** Opening DATA TO PROCESS block **
text \<open>Binary words are bool lists; the first letter is the most significant digit.
  The value of x_1...x_l is the sum of x_j F_{l-j+2} (1-indexed), i.e. with
  0-indexed position j the weight is F_{l-j+1}.\<close>

definition fibval :: "bool list \<Rightarrow> nat" where
  "fibval x = (\<Sum>j<length x. of_bool (x ! j) * fib (length x - j + 1))"

definition valid_fib :: "bool list \<Rightarrow> bool" where
  "valid_fib x \<longleftrightarrow> (\<forall>j. Suc j < length x \<longrightarrow> \<not> (x ! j \<and> x ! Suc j))"

text \<open>Deterministic finite automata over the alphabet {0,1} x {0,1}, with a partial
  transition function; a missing transition (None) means going to the (uncounted)
  dead state.\<close>
record dfa =
  states :: "nat set"
  init   :: nat
  trans  :: "nat \<Rightarrow> bool \<times> bool \<Rightarrow> nat option"
  final  :: "nat set"

definition wf_dfa :: "dfa \<Rightarrow> bool" where
  "wf_dfa A \<longleftrightarrow> finite (states A) \<and> init A \<in> states A \<and> final A \<subseteq> states A \<and>
     (\<forall>q\<in>states A. \<forall>a. \<forall>q'. trans A q a = Some q' \<longrightarrow> q' \<in> states A)"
** Closing DATA TO PROCESS block **
*PROBLEM STATEMENT:*
Read the data above. Pull out each line in which the string "forall" appears.

*SOLUTION TO THE PROBLEM:*
  "valid_fib x \<longleftrightarrow> (\<forall>j. Suc j < length x \<longrightarrow> \<not> (x ! j \<and> x ! Suc j))"
     (\<forall>q\<in>states A. \<forall>a. \<forall>q'. trans A q a = Some q' \<longrightarrow> q' \<in> states A)"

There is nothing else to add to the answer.